Развернутые взводы белых смешались и тонкими черточками ломаной стрелковой цепи поползли вправо и влево. Не доскакав до бугра, по которому рассыпались белые, задний всадник вместе с лошадью упал на дорогу. Когда ветер отнес клубы поднявшейся пыли, я увидел, что только одна лошадь лежит на дороге, а всадник, припадая на ногу, низко согнувшись, бежит к своим.
Пуля, ударившись о кирпич трубы, обдала пылью осыпавшейся известки и заставила спрятать голову. Труба была хорошей мишенью. Правда, за нею нас не могли достать прямые выстрелы, но зато и мы должны были сидеть не высовываясь. Если бы не приказание Шебалова следить за Хамурской дорогой, мы спустились бы вниз. Беспорядочная перестрелка перешла в огневой бой. Разрозненные винтовочные выстрелы белых стихали, и начинали строчить пулеметы. Под прикрытием их огня неровная цепь передвигалась на несколько десятков шагов и ложилась опять. Тогда стихали пулеметы, и опять начиналась ружейная перестрелка. Так постепенно, с упорством, доказывавшим хорошую дисциплину и выучку, белые подвигались все ближе и ближе.
— Крепкие, черти, — пробормотал Чубук, — так и лезут в дамки. Не похоже что-то на жихаревцев, уж не немцы ли это?
— Чубук! — закричал я. — Смотри-ка на Хамурскую, там возле опушки что-то движется.
— Где?
— Да не там… Правей смотри. Прямо через пруд смотри… Вот! — крикнул я, увидев, как на опушке блеснуло что-то, похожее на вспышку солнечного луча, отраженного в осколке стекла.
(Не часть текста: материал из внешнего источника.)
lemma policy_segment_in_policies:
  assumes "p \<in> policies" "q \<in> policies" "0 \<le> t" "t \<le> 1"
  shows "p + t *\<^sub>R (q - p) \<in> policies"
proof -
  have "p + t *\<^sub>R (q - p) = (1 - t) *\<^sub>R p + t *\<^sub>R q"
    by (simp add: algebra_simps)
  then show ?thesis
    using convexD[OF convex_policies assms(1,2), of "1 - t" t] assms(3,4) by simp
qed

lemma policy_row_l1_dist_le_2:
  assumes p: "p \<in> policies" and q: "q \<in> policies"
  shows "(\<Sum>a\<in>UNIV. \<bar>p $ (s, a) - q $ (s, a)\<bar>) \<le> 2"
proof -
  have "(\<Sum>a\<in>UNIV. \<bar>p $ (s, a) - q $ (s, a)\<bar>) \<le> (\<Sum>a\<in>UNIV. p $ (s, a) + q $ (s, a))"
    using policy_nonneg[OF p] policy_nonneg[OF q] by (intro sum_mono) (simp add: abs_le_iff)
  also have "\<dots> = 2"
    using sum_policy_row[OF p] sum_policy_row[OF q] by (simp add: sum.distrib)
  finally show ?thesis .
qed

lemma policy_row_sq_dist_le_2:
  assumes p: "p \<in> policies" and q: "q \<in> policies"
  shows "(\<Sum>a\<in>UNIV. (p $ (s, a) - q $ (s, a))\<^sup>2) \<le> 2"
proof -
  have "(p $ (s, a) - q $ (s, a))\<^sup>2 \<le> \<bar>p $ (s, a) - q $ (s, a)\<bar>" for a
  proof -
    have "\<bar>p $ (s, a) - q $ (s, a)\<bar> \<le> 1"
      using policy_nonneg[OF p, of s a] policy_nonneg[OF q, of s a]
        policy_le_1[OF p, of s a] policy_le_1[OF q, of s a]
      by (simp add: abs_le_iff)
    then show ?thesis
      by (metis abs_ge_zero mult_left_le power2_abs power2_eq_square)
  qed
  then have "(\<Sum>a\<in>UNIV. (p $ (s, a) - q $ (s, a))\<^sup>2) \<le> (\<Sum>a\<in>UNIV. \<bar>p $ (s, a) - q $ (s, a)\<bar>)"
    by (intro sum_mono)
  then show ?thesis using policy_row_l1_dist_le_2[OF p q, of s] by linarith
qed

lemma pqa_step_in_policies: "pqa_step P rho \<gamma> F \<eta> p \<in> policies"
proof -
  have "(\<chi> a. pqa_step P rho \<gamma> F \<eta> p $ (s, a))
      = closest_point prob_simplex
          (\<chi> b. p $ (s, b) + \<eta> * Qfun P \<gamma> p (pseudo_reward P rho \<gamma> F p) $ (s, b))" for s
    by (simp add: pqa_step_def Let_def vec_eq_iff)
  then show ?thesis
    by (simp add: policies_def closest_point_in_set[OF closed_prob_simplex prob_simplex_nonempty])
qed

lemma pqa_step_row_ascent:
  fixes P :: "'s::finite \<Rightarrow> 'a::finite \<Rightarrow> 's \<Rightarrow> real" and rho \<gamma> F \<eta> and p :: "real ^ ('s \<times> 'a)"
  assumes v: "v \<in> policies" and \<eta>: "0 < \<eta>"
  defines "p' \<equiv> pqa_step P rho \<gamma> F \<eta> p" and "Q \<equiv> Qfun P \<gamma> p (pseudo_reward P rho \<gamma> F p)"
  shows "(\<Sum>a\<in>UNIV. (v $ (s, a) - p $ (s, a)) * Q $ (s, a)) - (\<Sum>a\<in>UNIV. (v $ (s, a) - p $ (s, a))\<^sup>2) / (2 * \<eta>)
       \<le> (\<Sum>a\<in>UNIV. (p' $ (s, a) - p $ (s, a)) * Q $ (s, a)) - (\<Sum>a\<in>UNIV. (p' $ (s, a) - p $ (s, a))\<^sup>2) / (2 * \<eta>)"
proof -
  define x where "x = (\<chi> b. p $ (s, b))"
  define g where "g = (\<chi> b. Q $ (s, b))"
  have xg: "x + \<eta> *\<^sub>R g = (\<chi> b. p $ (s, b) + \<eta> * Q $ (s, b))"
    by (simp add: x_def g_def vec_eq_iff)
  have "closest_point prob_simplex (x + \<eta> *\<^sub>R g) = (\<chi> b. p' $ (s, b))"
    unfolding xg by (simp add: p'_def Q_def pqa_step_def Let_def vec_eq_iff)
  then have "inner ((\<chi> b. v $ (s, b)) - x) g - (norm ((\<chi> b. v $ (s, b)) - x))\<^sup>2 / (2 * \<eta>)
      \<le> inner ((\<chi> b. p' $ (s, b)) - x) g - (norm ((\<chi> b. p' $ (s, b)) - x))\<^sup>2 / (2 * \<eta>)"
    using closest_point_ascent_ineq[OF closed_prob_simplex policy_row_in_prob_simplex[OF v, of s] \<eta>, of x g]
    by simp
  then show ?thesis
    by (simp add: inner_vec_def norm_sq_vec x_def g_def)
qed

section \<open>Occupancy measures\<close>

locale mdp =
  fixes P :: "'s::finite \<Rightarrow> 'a::finite \<Rightarrow> 's \<Rightarrow> real" and rho :: "'s \<Rightarrow> real" and \<gamma> :: real
  assumes kernel: "is_kernel P" and init: "is_distribution rho"
    and discount_nonneg: "0 \<le> \<gamma>" and discount_less_1: "\<gamma> < 1"
begin

lemma P_nonneg: "0 \<le> P s a s'"
  using kernel by (simp add: is_kernel_def)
В воздухе послышалось странное звучание, похожее на хрипение лошади, которой перервало горло. Хрип превратился в гул. Воздух зазвенел, как надтреснутый церковный колокол, что-то грохнуло сбоку. В первое мгновение показалось мне, что где-то здесь, совсем рядом со мной. Коричневая молния вырвалась из клубов дыма и черной пыли, воздух вздрогнул и упруго, как волна теплой воды, толкнул меня в спину. Когда я открыл глаза, то увидел, что в огороде сухая солома крыши взорванного сарая горит бледным, почти невидимым на солнце огнем.
Второй снаряд разорвался на грядках.
— Слазим, — сказал Чубук, поворачивая ко мне серое, озабоченное лицо. — Слазим, напоролись-таки, кажется, это не жихаревцы, а немцы. На Хамурской — батарея.
Первый, кто попался мне на опушке, — это маленький красноармеец, прозванный Хорьком.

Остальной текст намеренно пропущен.